Task to carry out: In the entries that follow, find the word "open" and report each line it is on.

▬▬▬▬▬▬

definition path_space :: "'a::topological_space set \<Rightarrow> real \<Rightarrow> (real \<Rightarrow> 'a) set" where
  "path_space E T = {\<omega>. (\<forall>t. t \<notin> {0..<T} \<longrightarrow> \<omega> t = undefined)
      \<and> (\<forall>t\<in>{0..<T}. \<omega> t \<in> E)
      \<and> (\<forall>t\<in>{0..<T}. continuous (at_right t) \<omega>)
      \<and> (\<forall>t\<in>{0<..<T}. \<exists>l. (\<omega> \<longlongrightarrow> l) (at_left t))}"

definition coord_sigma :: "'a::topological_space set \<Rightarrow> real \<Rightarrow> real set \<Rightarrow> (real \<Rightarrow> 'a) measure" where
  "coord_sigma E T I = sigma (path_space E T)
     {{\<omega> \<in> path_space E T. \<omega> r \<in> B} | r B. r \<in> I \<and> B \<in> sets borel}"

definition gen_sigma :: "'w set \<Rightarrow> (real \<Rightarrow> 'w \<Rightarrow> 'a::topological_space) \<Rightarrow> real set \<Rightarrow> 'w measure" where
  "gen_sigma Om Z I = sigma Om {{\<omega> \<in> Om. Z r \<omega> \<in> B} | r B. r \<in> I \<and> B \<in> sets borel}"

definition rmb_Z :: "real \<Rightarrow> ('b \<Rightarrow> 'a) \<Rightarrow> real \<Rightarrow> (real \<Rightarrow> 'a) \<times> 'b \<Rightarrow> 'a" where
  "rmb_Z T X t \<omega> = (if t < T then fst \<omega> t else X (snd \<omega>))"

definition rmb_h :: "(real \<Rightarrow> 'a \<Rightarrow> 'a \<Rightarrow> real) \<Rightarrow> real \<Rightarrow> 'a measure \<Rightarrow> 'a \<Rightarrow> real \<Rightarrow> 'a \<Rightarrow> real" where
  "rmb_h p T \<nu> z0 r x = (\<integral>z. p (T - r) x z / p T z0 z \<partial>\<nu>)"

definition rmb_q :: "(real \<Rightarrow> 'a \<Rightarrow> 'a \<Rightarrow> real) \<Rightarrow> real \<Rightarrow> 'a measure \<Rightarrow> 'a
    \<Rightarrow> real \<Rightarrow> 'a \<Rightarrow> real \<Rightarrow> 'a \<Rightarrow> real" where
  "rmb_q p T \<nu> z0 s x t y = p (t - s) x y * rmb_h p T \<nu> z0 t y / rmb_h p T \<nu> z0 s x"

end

▬▬▬▬▬▬

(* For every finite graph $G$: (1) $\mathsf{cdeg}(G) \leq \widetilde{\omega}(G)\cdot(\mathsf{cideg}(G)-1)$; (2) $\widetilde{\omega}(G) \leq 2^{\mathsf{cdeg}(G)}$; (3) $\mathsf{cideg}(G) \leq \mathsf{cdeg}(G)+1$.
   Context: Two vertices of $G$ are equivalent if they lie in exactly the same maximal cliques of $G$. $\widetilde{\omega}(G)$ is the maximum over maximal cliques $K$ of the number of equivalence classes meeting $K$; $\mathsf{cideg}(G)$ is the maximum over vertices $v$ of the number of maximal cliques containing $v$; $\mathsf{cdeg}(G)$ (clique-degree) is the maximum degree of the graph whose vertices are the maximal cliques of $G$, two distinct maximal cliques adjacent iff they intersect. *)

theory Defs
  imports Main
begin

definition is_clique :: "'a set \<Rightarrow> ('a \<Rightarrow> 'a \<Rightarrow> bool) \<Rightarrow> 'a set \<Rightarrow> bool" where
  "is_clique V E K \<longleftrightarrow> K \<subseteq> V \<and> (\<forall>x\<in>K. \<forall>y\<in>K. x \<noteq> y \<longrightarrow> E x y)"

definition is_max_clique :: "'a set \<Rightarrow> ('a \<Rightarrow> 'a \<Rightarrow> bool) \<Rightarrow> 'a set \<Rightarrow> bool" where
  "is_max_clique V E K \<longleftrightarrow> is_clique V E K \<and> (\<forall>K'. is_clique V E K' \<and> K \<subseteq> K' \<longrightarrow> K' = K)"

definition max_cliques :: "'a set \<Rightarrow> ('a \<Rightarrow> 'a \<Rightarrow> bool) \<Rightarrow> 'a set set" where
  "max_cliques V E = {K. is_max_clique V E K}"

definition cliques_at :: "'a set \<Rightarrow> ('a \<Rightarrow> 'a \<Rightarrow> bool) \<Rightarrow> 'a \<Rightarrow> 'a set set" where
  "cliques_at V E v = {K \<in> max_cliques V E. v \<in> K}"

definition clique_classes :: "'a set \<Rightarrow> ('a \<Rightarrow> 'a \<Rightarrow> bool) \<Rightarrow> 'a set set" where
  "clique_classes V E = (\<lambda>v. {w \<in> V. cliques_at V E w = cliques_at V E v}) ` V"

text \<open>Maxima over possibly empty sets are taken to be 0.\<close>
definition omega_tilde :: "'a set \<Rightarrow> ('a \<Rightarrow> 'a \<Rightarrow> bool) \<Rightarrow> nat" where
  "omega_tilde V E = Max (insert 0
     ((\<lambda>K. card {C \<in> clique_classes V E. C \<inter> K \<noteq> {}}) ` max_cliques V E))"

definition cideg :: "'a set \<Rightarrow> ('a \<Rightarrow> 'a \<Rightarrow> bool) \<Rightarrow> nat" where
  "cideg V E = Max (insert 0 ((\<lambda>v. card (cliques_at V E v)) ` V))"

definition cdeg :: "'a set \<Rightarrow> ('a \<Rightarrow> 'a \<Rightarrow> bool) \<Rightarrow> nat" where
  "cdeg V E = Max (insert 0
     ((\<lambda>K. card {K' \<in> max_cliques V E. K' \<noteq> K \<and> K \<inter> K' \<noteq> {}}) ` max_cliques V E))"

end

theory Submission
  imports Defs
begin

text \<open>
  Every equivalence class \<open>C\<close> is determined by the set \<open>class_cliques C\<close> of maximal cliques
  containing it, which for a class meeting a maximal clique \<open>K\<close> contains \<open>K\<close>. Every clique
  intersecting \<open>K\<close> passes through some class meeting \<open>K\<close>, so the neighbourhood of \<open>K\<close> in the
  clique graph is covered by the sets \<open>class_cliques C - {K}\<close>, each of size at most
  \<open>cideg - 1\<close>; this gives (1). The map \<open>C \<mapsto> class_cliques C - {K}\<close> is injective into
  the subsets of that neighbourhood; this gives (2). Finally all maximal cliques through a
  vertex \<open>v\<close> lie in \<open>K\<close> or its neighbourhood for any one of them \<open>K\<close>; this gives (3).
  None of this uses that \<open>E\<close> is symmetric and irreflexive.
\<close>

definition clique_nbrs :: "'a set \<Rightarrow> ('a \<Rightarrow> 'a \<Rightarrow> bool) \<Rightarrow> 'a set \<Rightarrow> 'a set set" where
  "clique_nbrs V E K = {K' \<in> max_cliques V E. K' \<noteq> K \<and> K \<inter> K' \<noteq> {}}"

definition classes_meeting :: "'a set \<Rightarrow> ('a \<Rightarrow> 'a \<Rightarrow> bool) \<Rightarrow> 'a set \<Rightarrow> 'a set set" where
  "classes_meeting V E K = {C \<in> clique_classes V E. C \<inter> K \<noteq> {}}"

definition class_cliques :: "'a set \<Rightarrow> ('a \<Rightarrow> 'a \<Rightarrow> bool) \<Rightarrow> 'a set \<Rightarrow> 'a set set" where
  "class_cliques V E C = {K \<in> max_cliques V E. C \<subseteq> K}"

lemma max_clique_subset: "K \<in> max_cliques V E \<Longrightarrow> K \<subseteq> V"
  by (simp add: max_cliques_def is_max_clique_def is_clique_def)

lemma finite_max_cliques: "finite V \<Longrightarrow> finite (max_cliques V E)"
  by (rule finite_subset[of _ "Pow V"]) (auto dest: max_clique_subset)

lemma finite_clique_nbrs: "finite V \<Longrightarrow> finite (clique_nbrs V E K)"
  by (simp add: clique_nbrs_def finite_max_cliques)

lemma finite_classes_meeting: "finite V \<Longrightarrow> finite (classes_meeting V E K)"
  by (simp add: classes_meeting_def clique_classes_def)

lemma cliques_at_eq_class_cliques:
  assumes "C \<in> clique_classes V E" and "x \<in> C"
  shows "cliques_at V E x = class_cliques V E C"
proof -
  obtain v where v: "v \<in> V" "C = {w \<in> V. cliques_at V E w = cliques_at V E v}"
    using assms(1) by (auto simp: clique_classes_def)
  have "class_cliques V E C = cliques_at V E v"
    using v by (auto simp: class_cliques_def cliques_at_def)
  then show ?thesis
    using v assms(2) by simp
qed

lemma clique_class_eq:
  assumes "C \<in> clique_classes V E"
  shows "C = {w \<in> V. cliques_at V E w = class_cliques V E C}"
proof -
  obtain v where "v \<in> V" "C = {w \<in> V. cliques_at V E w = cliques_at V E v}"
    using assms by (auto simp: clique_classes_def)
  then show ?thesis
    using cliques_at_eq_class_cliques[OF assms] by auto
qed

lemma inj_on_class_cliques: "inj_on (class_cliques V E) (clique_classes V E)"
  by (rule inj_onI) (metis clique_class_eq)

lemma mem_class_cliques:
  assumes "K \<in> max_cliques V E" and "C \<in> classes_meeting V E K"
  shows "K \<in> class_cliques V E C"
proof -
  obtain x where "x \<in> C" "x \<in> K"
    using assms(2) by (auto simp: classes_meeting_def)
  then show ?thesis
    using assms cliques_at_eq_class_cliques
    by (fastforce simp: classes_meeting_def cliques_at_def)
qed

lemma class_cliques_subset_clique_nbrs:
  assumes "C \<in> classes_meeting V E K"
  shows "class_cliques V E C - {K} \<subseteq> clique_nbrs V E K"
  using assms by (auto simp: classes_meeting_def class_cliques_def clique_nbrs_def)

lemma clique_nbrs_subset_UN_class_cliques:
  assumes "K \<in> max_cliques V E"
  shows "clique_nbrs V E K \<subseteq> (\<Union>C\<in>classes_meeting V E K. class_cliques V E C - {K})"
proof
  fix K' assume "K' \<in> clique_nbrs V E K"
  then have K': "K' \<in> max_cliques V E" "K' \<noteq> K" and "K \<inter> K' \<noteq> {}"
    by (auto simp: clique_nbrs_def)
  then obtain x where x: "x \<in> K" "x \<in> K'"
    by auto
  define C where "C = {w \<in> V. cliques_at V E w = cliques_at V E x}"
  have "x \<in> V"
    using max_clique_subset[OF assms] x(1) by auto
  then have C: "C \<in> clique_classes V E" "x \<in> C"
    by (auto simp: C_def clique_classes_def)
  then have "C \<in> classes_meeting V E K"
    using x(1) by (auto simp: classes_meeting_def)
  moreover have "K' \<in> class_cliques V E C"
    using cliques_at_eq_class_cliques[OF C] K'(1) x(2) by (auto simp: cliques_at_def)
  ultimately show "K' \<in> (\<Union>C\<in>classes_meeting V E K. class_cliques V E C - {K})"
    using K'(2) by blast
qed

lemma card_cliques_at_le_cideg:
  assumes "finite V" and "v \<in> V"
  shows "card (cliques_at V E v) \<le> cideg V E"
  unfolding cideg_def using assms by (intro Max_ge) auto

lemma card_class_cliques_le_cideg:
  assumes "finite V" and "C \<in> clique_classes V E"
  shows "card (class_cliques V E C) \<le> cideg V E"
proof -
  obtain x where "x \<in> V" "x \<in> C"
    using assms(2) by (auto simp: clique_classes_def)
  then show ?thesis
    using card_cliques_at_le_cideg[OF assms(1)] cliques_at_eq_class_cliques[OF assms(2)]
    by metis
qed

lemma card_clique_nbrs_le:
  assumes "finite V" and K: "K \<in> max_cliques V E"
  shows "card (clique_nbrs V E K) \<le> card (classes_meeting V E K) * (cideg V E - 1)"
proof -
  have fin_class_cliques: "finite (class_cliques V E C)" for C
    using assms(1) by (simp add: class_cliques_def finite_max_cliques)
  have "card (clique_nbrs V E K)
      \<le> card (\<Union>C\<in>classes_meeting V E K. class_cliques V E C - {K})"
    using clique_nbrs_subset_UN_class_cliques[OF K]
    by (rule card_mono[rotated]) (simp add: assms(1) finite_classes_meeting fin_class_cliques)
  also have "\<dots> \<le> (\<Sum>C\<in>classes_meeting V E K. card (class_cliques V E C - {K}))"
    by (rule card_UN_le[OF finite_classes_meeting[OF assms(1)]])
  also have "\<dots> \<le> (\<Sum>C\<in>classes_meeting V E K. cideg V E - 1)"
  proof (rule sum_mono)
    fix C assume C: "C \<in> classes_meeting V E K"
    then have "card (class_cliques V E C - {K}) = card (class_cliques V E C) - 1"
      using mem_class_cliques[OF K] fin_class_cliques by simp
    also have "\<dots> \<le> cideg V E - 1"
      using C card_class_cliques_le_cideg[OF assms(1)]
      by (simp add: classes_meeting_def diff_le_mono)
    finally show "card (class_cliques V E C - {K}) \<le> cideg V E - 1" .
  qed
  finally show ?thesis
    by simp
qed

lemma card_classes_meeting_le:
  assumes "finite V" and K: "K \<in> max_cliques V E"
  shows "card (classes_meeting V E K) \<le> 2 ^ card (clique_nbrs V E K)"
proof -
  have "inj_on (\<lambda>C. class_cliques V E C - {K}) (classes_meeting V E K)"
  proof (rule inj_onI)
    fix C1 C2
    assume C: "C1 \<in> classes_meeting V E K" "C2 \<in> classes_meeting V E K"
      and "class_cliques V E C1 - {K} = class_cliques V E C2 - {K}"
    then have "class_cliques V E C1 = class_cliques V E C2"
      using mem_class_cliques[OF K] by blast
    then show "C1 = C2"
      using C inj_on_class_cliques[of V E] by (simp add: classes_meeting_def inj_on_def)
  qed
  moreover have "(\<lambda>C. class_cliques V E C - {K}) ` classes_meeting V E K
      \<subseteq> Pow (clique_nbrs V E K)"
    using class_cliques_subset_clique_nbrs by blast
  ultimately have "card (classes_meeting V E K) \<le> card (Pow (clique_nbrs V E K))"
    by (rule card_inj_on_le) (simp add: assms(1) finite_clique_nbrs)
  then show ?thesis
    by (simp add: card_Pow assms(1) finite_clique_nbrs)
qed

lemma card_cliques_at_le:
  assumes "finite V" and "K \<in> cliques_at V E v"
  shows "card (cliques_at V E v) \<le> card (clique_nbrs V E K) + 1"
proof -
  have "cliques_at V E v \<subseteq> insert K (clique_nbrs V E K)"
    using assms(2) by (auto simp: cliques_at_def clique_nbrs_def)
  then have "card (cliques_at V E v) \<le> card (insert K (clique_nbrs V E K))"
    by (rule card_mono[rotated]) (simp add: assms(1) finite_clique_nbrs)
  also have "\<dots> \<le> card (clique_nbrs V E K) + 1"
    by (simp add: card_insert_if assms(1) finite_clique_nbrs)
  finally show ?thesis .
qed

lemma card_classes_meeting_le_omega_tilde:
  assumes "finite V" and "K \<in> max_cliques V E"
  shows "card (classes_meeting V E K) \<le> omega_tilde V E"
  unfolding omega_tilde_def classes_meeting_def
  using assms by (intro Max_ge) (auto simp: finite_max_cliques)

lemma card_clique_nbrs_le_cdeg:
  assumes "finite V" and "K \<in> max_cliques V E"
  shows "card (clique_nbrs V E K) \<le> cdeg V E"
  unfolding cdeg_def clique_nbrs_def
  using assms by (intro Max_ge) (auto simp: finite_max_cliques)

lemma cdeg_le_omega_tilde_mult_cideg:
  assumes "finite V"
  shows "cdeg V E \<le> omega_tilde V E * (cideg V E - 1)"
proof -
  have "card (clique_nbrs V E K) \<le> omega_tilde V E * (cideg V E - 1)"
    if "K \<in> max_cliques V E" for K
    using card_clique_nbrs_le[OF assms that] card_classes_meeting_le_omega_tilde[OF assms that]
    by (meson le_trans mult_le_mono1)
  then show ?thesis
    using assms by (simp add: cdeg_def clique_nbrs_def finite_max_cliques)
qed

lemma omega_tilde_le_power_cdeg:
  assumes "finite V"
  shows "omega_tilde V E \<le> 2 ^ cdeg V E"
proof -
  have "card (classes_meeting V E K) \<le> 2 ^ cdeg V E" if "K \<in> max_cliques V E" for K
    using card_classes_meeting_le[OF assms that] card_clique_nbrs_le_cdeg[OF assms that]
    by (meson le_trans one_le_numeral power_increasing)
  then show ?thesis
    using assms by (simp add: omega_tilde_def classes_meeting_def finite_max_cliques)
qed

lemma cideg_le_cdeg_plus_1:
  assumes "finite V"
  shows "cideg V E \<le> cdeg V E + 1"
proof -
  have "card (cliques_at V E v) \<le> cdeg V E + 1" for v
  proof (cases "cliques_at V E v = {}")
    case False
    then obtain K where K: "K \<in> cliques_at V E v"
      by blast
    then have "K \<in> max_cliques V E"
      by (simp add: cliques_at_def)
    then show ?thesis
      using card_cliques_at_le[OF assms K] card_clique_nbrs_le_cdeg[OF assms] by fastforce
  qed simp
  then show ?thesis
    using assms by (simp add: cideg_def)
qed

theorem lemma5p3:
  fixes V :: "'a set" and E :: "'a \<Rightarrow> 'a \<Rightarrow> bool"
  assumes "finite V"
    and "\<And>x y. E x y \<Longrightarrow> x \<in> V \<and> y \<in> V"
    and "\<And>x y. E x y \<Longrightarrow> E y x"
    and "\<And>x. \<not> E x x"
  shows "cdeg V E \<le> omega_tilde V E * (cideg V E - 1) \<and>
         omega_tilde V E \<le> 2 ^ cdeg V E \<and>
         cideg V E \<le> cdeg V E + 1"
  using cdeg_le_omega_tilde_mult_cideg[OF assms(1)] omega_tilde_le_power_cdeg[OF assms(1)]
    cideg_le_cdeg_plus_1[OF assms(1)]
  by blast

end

▬▬▬▬▬▬

Answer for this exercise:
text \<open>Maxima over possibly empty sets are taken to be 0.\<close>
text \<open>
  Every equivalence class \<open>C\<close> is determined by the set \<open>class_cliques C\<close> of maximal cliques
  containing it, which for a class meeting a maximal clique \<open>K\<close> contains \<open>K\<close>. Every clique
  intersecting \<open>K\<close> passes through some class meeting \<open>K\<close>, so the neighbourhood of \<open>K\<close> in the
  clique graph is covered by the sets \<open>class_cliques C - {K}\<close>, each of size at most
  \<open>cideg - 1\<close>; this gives (1). The map \<open>C \<mapsto> class_cliques C - {K}\<close> is injective into
  vertex \<open>v\<close> lie in \<open>K\<close> or its neighbourhood for any one of them \<open>K\<close>; this gives (3).
  None of this uses that \<open>E\<close> is symmetric and irreflexive.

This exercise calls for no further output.